### Your goal
Of the lines listed below, return exactly those that run from the line containing "int LI \<le> int i - int k \<Longrightarrow>" through the line containing "text \<open>Items of", both included.

··· Records for this task ···

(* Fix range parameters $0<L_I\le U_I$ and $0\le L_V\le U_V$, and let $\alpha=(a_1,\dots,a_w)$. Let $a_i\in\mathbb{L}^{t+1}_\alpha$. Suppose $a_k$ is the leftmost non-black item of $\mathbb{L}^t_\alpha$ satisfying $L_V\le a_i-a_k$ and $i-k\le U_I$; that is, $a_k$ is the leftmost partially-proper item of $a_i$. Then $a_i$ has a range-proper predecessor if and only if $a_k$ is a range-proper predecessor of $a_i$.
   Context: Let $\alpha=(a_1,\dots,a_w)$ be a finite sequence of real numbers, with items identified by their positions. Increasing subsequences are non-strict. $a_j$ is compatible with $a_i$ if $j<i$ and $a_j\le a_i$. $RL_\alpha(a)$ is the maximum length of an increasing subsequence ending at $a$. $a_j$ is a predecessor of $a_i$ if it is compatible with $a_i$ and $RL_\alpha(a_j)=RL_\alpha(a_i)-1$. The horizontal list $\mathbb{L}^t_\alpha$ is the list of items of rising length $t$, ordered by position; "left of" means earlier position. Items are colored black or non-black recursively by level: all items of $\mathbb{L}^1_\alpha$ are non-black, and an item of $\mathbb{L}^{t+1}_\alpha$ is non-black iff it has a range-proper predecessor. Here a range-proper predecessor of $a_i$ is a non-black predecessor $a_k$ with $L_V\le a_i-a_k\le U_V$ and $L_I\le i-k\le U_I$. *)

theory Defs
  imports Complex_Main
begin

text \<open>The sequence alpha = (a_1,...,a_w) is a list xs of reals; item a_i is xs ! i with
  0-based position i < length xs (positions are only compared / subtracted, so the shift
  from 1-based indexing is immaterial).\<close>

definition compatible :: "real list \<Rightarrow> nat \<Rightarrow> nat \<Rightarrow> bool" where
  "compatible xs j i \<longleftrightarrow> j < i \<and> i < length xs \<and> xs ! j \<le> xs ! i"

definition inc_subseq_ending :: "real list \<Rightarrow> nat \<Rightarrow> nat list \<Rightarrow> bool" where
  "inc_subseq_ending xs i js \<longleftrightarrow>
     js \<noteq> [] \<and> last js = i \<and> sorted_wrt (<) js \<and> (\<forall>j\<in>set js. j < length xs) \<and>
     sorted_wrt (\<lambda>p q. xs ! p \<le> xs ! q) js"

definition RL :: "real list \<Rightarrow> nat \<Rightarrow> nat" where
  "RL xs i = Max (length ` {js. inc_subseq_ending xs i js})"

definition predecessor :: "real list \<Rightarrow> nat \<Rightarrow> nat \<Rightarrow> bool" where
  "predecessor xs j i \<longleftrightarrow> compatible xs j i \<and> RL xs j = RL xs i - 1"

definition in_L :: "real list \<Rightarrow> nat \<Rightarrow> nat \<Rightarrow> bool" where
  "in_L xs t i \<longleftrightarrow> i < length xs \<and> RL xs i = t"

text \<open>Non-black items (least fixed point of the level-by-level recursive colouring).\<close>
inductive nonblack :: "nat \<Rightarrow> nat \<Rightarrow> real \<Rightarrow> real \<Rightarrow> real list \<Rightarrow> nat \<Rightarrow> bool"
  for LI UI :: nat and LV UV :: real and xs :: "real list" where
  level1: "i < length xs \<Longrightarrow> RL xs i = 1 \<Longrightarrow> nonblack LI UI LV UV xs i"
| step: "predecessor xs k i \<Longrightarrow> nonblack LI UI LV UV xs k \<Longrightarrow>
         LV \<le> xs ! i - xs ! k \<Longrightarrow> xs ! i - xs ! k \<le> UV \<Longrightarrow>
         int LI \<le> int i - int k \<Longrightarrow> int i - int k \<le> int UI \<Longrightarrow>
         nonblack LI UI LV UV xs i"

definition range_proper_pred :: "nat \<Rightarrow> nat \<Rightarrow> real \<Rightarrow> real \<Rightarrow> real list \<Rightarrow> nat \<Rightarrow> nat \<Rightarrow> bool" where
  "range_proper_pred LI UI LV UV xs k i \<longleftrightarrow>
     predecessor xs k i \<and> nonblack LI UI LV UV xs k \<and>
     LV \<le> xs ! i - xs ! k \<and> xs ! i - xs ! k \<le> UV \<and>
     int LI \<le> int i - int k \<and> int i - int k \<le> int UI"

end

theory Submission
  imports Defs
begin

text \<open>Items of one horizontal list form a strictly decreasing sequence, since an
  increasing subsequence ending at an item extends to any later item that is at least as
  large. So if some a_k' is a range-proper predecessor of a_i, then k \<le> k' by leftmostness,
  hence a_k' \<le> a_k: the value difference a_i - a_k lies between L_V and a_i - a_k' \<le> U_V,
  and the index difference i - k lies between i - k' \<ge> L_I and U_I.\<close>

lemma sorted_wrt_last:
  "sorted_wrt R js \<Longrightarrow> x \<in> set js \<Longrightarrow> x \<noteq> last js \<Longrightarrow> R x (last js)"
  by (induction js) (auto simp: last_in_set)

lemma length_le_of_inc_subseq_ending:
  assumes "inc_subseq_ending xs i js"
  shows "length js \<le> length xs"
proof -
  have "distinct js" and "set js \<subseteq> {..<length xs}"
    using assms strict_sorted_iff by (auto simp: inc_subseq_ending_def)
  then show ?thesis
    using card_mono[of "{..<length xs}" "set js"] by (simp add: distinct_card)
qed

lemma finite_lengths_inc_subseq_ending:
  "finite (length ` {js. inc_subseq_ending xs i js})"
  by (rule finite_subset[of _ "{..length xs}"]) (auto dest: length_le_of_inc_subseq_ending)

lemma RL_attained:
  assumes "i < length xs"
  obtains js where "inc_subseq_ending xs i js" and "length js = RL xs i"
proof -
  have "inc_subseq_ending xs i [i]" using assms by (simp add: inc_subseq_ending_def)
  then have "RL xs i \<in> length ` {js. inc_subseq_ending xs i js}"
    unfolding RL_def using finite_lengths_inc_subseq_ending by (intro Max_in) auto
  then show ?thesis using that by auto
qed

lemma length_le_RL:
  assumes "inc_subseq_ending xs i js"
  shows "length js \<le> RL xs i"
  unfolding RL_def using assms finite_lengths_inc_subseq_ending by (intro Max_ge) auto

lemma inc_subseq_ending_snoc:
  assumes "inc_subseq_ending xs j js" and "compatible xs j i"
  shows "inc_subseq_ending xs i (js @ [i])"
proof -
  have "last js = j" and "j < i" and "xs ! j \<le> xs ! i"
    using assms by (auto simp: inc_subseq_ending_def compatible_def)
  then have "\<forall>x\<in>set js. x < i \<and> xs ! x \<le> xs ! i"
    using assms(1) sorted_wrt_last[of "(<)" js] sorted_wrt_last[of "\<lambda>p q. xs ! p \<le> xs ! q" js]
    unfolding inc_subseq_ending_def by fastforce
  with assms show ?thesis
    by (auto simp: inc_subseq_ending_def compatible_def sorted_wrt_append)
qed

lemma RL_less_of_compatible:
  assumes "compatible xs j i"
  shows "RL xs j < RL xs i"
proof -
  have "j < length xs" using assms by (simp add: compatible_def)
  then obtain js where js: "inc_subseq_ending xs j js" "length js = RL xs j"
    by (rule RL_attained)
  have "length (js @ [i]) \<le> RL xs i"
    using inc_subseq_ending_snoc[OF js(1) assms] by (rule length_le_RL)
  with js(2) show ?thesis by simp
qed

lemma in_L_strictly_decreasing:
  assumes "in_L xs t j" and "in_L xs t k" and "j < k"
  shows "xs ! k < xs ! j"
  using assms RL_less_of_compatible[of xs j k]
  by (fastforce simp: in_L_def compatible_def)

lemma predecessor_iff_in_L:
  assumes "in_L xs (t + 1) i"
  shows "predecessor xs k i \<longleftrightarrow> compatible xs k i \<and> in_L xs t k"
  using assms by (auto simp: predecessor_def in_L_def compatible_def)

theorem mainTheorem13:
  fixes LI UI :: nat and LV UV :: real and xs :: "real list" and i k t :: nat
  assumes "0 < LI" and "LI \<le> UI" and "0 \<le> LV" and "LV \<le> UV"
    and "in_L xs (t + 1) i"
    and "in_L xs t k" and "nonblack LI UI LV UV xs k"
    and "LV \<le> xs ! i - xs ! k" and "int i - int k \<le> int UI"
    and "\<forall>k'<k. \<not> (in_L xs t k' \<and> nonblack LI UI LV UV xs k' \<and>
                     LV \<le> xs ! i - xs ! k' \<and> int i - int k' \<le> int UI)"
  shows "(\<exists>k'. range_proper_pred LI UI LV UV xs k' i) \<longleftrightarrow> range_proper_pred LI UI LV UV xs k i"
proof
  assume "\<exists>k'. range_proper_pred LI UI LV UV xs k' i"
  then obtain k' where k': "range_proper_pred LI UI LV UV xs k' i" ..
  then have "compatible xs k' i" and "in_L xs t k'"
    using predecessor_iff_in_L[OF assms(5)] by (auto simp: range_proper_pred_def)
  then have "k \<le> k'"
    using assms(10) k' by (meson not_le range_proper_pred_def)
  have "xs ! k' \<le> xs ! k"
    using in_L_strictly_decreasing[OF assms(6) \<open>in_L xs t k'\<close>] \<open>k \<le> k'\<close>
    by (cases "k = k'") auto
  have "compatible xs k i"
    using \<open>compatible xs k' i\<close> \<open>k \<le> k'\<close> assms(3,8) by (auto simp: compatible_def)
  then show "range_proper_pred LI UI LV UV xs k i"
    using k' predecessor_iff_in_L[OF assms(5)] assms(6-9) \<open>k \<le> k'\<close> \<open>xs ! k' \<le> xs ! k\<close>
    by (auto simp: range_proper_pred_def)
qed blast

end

···

### Answer for this exercise
         int LI \<le> int i - int k \<Longrightarrow> int i - int k \<le> int UI \<Longrightarrow>
         nonblack LI UI LV UV xs i"

definition range_proper_pred :: "nat \<Rightarrow> nat \<Rightarrow> real \<Rightarrow> real \<Rightarrow> real list \<Rightarrow> nat \<Rightarrow> nat \<Rightarrow> bool" where
  "range_proper_pred LI UI LV UV xs k i \<longleftrightarrow>
     predecessor xs k i \<and> nonblack LI UI LV UV xs k \<and>
     LV \<le> xs ! i - xs ! k \<and> xs ! i - xs ! k \<le> UV \<and>
     int LI \<le> int i - int k \<and> int i - int k \<le> int UI"

end

theory Submission
  imports Defs
begin

text \<open>Items of one horizontal list form a strictly decreasing sequence, since an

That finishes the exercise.